- **Material for the task**
───
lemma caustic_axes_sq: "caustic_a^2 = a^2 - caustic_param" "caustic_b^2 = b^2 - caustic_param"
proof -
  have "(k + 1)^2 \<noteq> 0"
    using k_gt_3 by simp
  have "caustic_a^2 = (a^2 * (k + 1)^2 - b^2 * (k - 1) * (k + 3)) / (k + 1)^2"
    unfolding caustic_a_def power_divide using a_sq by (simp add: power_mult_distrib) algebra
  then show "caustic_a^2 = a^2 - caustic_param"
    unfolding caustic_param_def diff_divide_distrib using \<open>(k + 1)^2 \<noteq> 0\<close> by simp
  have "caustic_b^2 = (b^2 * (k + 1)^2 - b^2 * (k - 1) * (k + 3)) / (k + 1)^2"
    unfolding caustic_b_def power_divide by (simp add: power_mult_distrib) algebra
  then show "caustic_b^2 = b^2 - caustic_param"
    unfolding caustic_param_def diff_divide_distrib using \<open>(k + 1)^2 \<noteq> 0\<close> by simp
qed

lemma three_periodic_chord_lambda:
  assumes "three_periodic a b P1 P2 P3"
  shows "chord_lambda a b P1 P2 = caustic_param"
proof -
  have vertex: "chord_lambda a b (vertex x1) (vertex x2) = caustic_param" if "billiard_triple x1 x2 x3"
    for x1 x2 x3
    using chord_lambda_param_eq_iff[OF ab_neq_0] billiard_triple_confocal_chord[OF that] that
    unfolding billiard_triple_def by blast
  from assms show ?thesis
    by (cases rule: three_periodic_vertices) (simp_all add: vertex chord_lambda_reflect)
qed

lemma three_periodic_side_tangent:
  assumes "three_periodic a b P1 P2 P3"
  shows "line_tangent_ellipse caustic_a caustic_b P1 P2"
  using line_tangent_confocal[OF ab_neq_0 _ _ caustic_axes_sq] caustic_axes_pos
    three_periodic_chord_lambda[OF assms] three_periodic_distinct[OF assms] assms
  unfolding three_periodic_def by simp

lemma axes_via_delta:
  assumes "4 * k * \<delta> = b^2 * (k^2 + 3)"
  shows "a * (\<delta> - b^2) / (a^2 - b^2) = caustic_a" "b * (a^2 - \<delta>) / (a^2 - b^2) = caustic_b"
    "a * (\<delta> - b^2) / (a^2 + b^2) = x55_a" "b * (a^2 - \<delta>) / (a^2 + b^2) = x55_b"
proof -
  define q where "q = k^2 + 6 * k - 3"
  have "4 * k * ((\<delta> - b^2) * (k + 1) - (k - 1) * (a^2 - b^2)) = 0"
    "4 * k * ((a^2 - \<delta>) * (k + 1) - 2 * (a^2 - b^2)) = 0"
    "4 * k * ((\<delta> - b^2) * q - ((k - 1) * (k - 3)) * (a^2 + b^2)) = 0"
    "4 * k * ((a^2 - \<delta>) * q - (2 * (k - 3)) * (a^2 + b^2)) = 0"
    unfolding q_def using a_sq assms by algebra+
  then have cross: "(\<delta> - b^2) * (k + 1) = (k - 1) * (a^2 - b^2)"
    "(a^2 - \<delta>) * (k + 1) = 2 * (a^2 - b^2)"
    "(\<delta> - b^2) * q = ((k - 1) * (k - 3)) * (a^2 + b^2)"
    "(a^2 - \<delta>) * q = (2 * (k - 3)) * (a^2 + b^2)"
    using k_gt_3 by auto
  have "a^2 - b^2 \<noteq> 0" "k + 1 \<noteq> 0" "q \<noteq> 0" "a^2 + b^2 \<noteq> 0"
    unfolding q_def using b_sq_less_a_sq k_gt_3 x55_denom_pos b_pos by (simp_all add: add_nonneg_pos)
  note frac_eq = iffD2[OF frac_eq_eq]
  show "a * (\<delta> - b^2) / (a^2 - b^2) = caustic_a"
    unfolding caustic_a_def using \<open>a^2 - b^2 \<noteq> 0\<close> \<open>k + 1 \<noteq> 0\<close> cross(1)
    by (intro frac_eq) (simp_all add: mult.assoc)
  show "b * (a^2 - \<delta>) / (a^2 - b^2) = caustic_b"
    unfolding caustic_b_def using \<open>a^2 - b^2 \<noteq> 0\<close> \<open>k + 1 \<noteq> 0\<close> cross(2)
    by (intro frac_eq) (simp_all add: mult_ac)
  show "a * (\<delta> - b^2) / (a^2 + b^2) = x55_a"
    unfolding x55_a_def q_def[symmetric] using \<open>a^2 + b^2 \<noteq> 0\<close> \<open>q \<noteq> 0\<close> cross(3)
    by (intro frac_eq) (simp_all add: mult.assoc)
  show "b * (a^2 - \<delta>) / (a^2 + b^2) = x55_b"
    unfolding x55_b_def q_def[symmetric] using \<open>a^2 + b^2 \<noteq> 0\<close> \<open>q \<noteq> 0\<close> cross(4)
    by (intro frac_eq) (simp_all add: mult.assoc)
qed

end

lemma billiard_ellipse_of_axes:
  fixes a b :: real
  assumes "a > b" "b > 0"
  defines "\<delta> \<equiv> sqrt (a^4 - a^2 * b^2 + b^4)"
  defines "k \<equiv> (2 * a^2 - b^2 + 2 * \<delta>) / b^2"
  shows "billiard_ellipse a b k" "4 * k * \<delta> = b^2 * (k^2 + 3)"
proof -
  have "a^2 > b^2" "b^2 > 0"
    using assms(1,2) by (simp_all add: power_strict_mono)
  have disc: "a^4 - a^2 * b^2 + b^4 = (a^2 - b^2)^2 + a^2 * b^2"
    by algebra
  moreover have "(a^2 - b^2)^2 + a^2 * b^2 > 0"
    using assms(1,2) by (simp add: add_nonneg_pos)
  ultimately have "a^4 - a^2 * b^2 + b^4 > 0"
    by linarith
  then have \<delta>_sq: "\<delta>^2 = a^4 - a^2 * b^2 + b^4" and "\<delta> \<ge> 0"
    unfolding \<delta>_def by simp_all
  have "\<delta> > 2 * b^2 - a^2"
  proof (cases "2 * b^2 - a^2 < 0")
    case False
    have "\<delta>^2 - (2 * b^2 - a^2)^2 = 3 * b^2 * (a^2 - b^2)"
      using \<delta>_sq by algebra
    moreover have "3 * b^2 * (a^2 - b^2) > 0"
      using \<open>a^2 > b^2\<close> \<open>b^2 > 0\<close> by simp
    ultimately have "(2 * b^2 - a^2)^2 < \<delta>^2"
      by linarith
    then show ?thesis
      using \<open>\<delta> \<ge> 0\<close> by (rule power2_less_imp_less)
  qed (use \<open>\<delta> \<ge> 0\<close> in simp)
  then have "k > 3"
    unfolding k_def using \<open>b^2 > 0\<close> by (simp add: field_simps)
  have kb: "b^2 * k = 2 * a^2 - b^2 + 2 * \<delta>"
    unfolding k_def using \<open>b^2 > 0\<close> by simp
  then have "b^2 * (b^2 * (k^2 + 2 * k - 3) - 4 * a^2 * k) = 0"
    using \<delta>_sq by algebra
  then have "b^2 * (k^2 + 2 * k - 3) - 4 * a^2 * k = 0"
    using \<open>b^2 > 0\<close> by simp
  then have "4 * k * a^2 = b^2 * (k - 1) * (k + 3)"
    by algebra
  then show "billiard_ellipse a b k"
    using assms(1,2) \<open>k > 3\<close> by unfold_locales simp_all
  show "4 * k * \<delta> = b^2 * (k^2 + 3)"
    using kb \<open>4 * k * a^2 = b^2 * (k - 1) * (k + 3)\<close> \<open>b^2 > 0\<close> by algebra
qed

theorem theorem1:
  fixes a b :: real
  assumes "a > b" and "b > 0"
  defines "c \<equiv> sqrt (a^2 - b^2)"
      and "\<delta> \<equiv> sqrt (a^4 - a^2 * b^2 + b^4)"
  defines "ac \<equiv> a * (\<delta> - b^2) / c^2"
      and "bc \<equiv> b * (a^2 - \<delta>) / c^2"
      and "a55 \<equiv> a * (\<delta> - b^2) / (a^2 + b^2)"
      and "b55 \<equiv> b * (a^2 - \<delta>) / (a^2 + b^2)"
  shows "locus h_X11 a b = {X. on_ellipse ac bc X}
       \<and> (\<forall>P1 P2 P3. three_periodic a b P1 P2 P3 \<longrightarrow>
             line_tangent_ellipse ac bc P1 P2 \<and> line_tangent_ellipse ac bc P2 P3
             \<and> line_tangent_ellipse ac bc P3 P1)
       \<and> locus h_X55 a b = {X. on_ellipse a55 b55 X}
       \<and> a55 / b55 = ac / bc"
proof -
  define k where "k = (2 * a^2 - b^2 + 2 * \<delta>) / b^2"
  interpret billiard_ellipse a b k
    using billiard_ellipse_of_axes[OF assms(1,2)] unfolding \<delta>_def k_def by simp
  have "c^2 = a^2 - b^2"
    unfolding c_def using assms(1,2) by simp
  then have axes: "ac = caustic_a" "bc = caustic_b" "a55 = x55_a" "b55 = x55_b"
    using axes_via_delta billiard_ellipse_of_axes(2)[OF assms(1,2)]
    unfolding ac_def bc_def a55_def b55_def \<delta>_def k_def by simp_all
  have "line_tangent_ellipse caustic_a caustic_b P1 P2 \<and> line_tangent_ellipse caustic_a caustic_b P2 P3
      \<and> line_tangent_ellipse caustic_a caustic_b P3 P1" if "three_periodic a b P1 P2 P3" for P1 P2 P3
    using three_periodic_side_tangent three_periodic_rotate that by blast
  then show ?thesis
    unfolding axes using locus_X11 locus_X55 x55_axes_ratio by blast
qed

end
───
- **Task directions**
Please copy, exactly as written, every line in the listing above from the line with "unfolding caustic_b_def using" up to and including the line with "using assms(1,2) by (simp_all".

- **Task result**
    unfolding caustic_b_def using \<open>a^2 - b^2 \<noteq> 0\<close> \<open>k + 1 \<noteq> 0\<close> cross(2)
    by (intro frac_eq) (simp_all add: mult_ac)
  show "a * (\<delta> - b^2) / (a^2 + b^2) = x55_a"
    unfolding x55_a_def q_def[symmetric] using \<open>a^2 + b^2 \<noteq> 0\<close> \<open>q \<noteq> 0\<close> cross(3)
    by (intro frac_eq) (simp_all add: mult.assoc)
  show "b * (a^2 - \<delta>) / (a^2 + b^2) = x55_b"
    unfolding x55_b_def q_def[symmetric] using \<open>a^2 + b^2 \<noteq> 0\<close> \<open>q \<noteq> 0\<close> cross(4)
    by (intro frac_eq) (simp_all add: mult.assoc)
qed

end

lemma billiard_ellipse_of_axes:
  fixes a b :: real
  assumes "a > b" "b > 0"
  defines "\<delta> \<equiv> sqrt (a^4 - a^2 * b^2 + b^4)"
  defines "k \<equiv> (2 * a^2 - b^2 + 2 * \<delta>) / b^2"
  shows "billiard_ellipse a b k" "4 * k * \<delta> = b^2 * (k^2 + 3)"
proof -
  have "a^2 > b^2" "b^2 > 0"
    using assms(1,2) by (simp_all add: power_strict_mono)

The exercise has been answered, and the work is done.